BUG/MAJOR: idle conns: schedule the cleanup task on the correct threads
The idle cleanup tasks' masks are wrong for threads 32 to 64, which
causes the wrong thread to wake up and clean the connections that it
does not own, with a risk of crash or infinite loop depending on
concurrent accesses. For thread 32, any thread between 32 and 64 will
be woken up, but for threads 33 to 64, in fact threads 1 to 32 will
run the task instead.
This issue only affects deployments enabling more than 32 threads. While
is it not common in 1.9 where this has to be explicit, and can easily be
dealt with by lowering the number of threads, it can be more common in
2.0 since by default the thread count is determined based on the number
of available processors, hence the MAJOR tag which is mostly relevant
to 2.x.
The problem was first introduced into 1.9-dev9 by commit 0c18a6fe3
("MEDIUM: servers: Add a way to keep idle connections alive.") and was
later moved to cfgparse.c by commit 980855bd9 ("BUG/MEDIUM: server:
initialize the orphaned conns lists and tasks at the end").

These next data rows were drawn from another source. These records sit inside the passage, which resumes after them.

theorem prob_limsup_spread_eq_1:
  assumes "\<not> summable (\<lambda>k. window_prod (k * (n - 1)))"
  shows "\<P>(\<omega> in paths. limsup (\<lambda>k. ereal (spread n (gossip_state T S k0 x0 \<omega> k))) = 0) = 1"
proof -
  define L where "L \<omega> = (INF m. ennreal (spread n (gossip_run T S k0 x0 (stake m \<omega>))))" for \<omega>
  define c where "c j = p_min ^ (n - 1) * window_prod ((k0 + j) * (n - 1))" for j
  have L_bound: "(\<integral>\<^sup>+\<omega>. L \<omega> \<partial>paths) \<le> ennreal (spread n x0 * (\<Prod>j<d. 1 - c j))" for d
  proof -
    \<comment> \<open>after \<open>k0 (n - 1) - k0\<close> steps the windows line up with the blocks \<open>[k (n - 1), (k + 1) (n - 1))\<close>\<close>
    have "1 \<le> n - 1" using n_ge_2 by arith
    then have "k0 \<le> k0 * (n - 1)" by simp
    then have "k0 + (k0 * (n - 1) - k0) + j * (n - 1) = (k0 + j) * (n - 1)" for j
      by (simp only: le_add_diff_inverse add_mult_distrib)
    then have "expected_spread k0 x0 (k0 * (n - 1) - k0 + d * (n - 1))
                 \<le> ennreal (spread n x0 * (\<Prod>j<d. 1 - c j))"
      using expected_spread_windows[of k0 x0 "k0 * (n - 1) - k0" d] by (simp add: c_def)
    moreover have "(\<integral>\<^sup>+\<omega>. L \<omega> \<partial>paths) \<le> expected_spread k0 x0 m" for m
      unfolding L_def expected_spread_def by (intro nn_integral_mono INF_lower) simp
    ultimately show ?thesis by (blast intro: order_trans)
  qed
  have "(\<lambda>d. \<Prod>j<d. 1 - c j) \<longlonglongrightarrow> 0"
  proof (rule prod_one_minus_LIMSEQ_zero)
    show "0 \<le> c j" "c j \<le> 1" for j
      unfolding c_def using window_factor_nonneg p_min_pos window_prod_nonneg by simp_all
    have "summable (\<lambda>j. window_prod ((j + k0) * (n - 1))) \<Longrightarrow> False"
      using assms summable_iff_shift[of "\<lambda>k. window_prod (k * (n - 1))" k0] by simp
    then show "\<not> summable c"
      unfolding c_def using p_min_pos by (auto simp: summable_cmult_iff add.commute)
  qed
  then have "(\<lambda>d. ennreal (spread n x0 * (\<Prod>j<d. 1 - c j))) \<longlonglongrightarrow> ennreal 0"
    by (intro tendsto_ennrealI tendsto_mult_right_zero)
  then have "(\<integral>\<^sup>+\<omega>. L \<omega> \<partial>paths) \<le> 0"
    using L_bound by (intro LIMSEQ_le_const) auto
  moreover have "L \<in> borel_measurable paths"
    unfolding L_def by (intro borel_measurable_INF measurable_stake_pmf_comp) auto
  ultimately have "AE \<omega> in paths. L \<omega> = 0"
    by (simp add: nn_integral_0_iff_AE)
  then have "AE \<omega> in paths. limsup (\<lambda>k. ereal (spread n (gossip_state T S k0 x0 \<omega> k))) = 0"
    using AE_paths_support by eventually_elim (simp add: L_def limsup_spread_eq_0)
  moreover have "(\<lambda>\<omega>. ereal (spread n (gossip_state T S k0 x0 \<omega> k))) \<in> borel_measurable paths" for k
    unfolding gossip_state_def gossip_traj_eq_run by (rule measurable_stake_pmf_comp)
  then have "(\<lambda>\<omega>. limsup (\<lambda>k. ereal (spread n (gossip_state T S k0 x0 \<omega> k)))) \<in> borel_measurable paths"
    unfolding limsup_INF_SUP by (intro borel_measurable_INF borel_measurable_SUP) auto
  then have "{\<omega> \<in> space paths. limsup (\<lambda>k. ereal (spread n (gossip_state T S k0 x0 \<omega> k))) = 0}
               \<in> sets paths"
    by measurable
  ultimately show ?thesis using paths.prob_Collect_eq_1 by simp
qed
lemma
  shows bishop_topology_bishop_gen: "F0 \<subseteq> extensional X \<Longrightarrow> bishop_topology X (bishop_gen X F0)"
    and bishop_gen_superset: "F0 \<subseteq> bishop_gen X F0"
    and bishop_gen_least: "bishop_topology X F \<Longrightarrow> F0 \<subseteq> F \<Longrightarrow> bishop_gen X F0 \<subseteq> F"
  unfolding bishop_gen_def
  by (auto intro!: bishop_topology_Inter bishop_topology_extensional)

lemma bishop_topology_add:
  assumes "bishop_topology X F" "restrict f X \<in> F" "restrict g X \<in> F"
  shows "restrict (\<lambda>x. f x + g x) X \<in> F"
proof -
  have "restrict (\<lambda>x. restrict f X x + restrict g X x) X \<in> F"
    using assms unfolding bishop_topology_def by blast
  then show ?thesis by (simp cong: restrict_cong)
qed

lemma bishop_topology_compose:
  assumes "bishop_topology X F" "restrict f X \<in> F" "\<phi> \<in> Bu"
  shows "restrict (\<lambda>x. \<phi> (f x)) X \<in> F"
proof -
  have "restrict (\<lambda>x. \<phi> (restrict f X x)) X \<in> F"
    using assms unfolding bishop_topology_def by blast
  then show ?thesis by (simp cong: restrict_cong)
qed

lemma bishop_topology_pullback:
  assumes FA: "bishop_topology A FA" and h: "h \<in> A \<rightarrow> B"
  shows "bishop_topology B {g \<in> extensional B. restrict (\<lambda>a. g (h a)) A \<in> FA}"
    (is "bishop_topology B ?P")
proof -
  have pull_restrict: "restrict (\<lambda>a. restrict k B (h a)) A = restrict (\<lambda>a. k (h a)) A"
    for k :: "_ \<Rightarrow> real"
    using h by (intro restrict_ext) auto
  have "f \<in> ?P"
    if "f \<in> extensional B" and approx: "\<forall>e>0. \<exists>g\<in>?P. \<forall>y\<in>B. \<bar>f y - g y\<bar> \<le> e" for f
  proof -
    have "\<exists>g'\<in>FA. \<forall>a\<in>A. \<bar>restrict (\<lambda>a. f (h a)) A a - g' a\<bar> \<le> e" if "e > 0" for e
    proof -
      from approx \<open>e > 0\<close> obtain g where "g \<in> ?P" "\<forall>y\<in>B. \<bar>f y - g y\<bar> \<le> e" by blast
      with h show ?thesis by (intro bexI[of _ "restrict (\<lambda>a. g (h a)) A"]) auto
    qed
    with FA \<open>f \<in> extensional B\<close> show ?thesis unfolding bishop_topology_def by auto
  qed
  with FA show ?thesis
    unfolding bishop_topology_def[of B] mem_Collect_eq pull_restrict
    by (auto simp: bishop_topology_def intro: bishop_topology_add bishop_topology_compose)
qed
lemma infdist_ge_if_exposing_functional:
  fixes w :: "'a::real_inner"
  assumes "F \<noteq> {}" "\<And>y. y \<in> F \<Longrightarrow> 0 \<le> w \<bullet> y" "w \<bullet> p = 0" "0 < w \<bullet> q"
  shows "(w \<bullet> q) / norm w \<le> infdist (s *\<^sub>R p - q) F"
proof (rule le_infdistI[OF assms(1)])
  fix y assume "y \<in> F"
  then have "w \<bullet> q \<le> w \<bullet> (y - (s *\<^sub>R p - q))" using assms(2,3) by (simp add: inner_diff_right)
  also have "\<dots> \<le> norm w * dist (s *\<^sub>R p - q) y"
    using norm_cauchy_schwarz[of w "y - (s *\<^sub>R p - q)"] by (simp add: dist_norm norm_minus_commute)
  finally show "(w \<bullet> q) / norm w \<le> dist (s *\<^sub>R p - q) y"
    using assms(4) by (cases "w = 0") (simp_all add: pos_divide_le_eq mult.commute)
qed

lemma cone_line_separation:
  fixes K :: "'a::euclidean_space set"
  assumes K: "closed K" "convex K" "cone K" "K \<noteq> {}"
    and far: "\<delta> > 0" "\<And>s. \<delta> \<le> infdist (s *\<^sub>R p - q) K"
  obtains a where "\<And>x. x \<in> K \<Longrightarrow> 0 \<le> a \<bullet> x" "a \<bullet> p = 0" "0 < a \<bullet> q"
proof -
  define C where "C = (\<Union>k\<in>K. \<Union>v\<in>span {p}. {k + v})"
  have "convex C" unfolding C_def using convex_sums[OF K(2) subspace_imp_convex[OF subspace_span]] .
  moreover have "cone C"
    unfolding C_def cone_iff_conic using K(3) by (intro conic_sums) (simp_all add: cone_iff_conic)
  moreover have "0 \<in> K" using cone_contains_0[OF K(3)] K(4) by simp
  then have KC: "K \<subseteq> C" and pC: "p \<in> C" "- p \<in> C"
    unfolding C_def using span_zero span_base[of p "{p}"] span_neg[of p "{p}"] by force+
  moreover have "- q \<notin> closure C"
  proof
    assume "- q \<in> closure C"
    then obtain c where c: "c \<in> C" "dist c (- q) < \<delta>" using far(1) closure_approachable by blast
    then obtain k s where ks: "k \<in> K" "c = k + s *\<^sub>R p" unfolding C_def by (auto simp: span_singleton)
    have "infdist ((- s) *\<^sub>R p - q) K \<le> dist ((- s) *\<^sub>R p - q) k" using infdist_le[OF ks(1)] .
    also have "\<dots> = dist c (- q)" using ks(2) by (simp add: dist_norm norm_minus_commute algebra_simps)
    finally show False using far(2)[of "- s"] c(2) by simp
  qed
  ultimately obtain a where a: "\<And>x. x \<in> closure C \<Longrightarrow> 0 \<le> a \<bullet> x" "a \<bullet> (- q) < 0"
    using cone_separation[of "closure C" "- q"] convex_closure cone_closure by blast
  have aC: "0 \<le> a \<bullet> x" if "x \<in> C" for x using a(1) closure_subset that by blast
  show ?thesis
  proof
    show "0 \<le> a \<bullet> x" if "x \<in> K" for x using aC KC that by blast
    show "a \<bullet> p = 0" using aC[OF pC(1)] aC[OF pC(2)] by simp
    show "0 < a \<bullet> q" using a(2) by simp
  qed
qed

This patch needs to be backported as far as 1.9, with care as 1.9 is
slightly different there (uses idle_task[] instead of idle_conn_cleanup[]
like in 2.x).
(cherry picked from commit bbb5f1d6d2a9948409683aa5865c130801d193ad)
Signed-off-by: Willy Tarreau <w@1wt.eu>
diff --git a/src/cfgparse.c b/src/cfgparse.c
index a6a8764..3bbb802 100644
--- a/src/cfgparse.c
+++ b/src/cfgparse.c
@@ -3690,7 +3690,7 @@
idle_conn_task->process = srv_cleanup_idle_connections;
idle_conn_task->context = NULL;
for (i = 0; i < global.nbthread; i++) {
- idle_conn_cleanup[i] = task_new(1 << i);
+ idle_conn_cleanup[i] = task_new(1UL << i);
if (!idle_conn_cleanup[i])
goto err;
idle_conn_cleanup[i]->process = srv_cleanup_toremove_connections;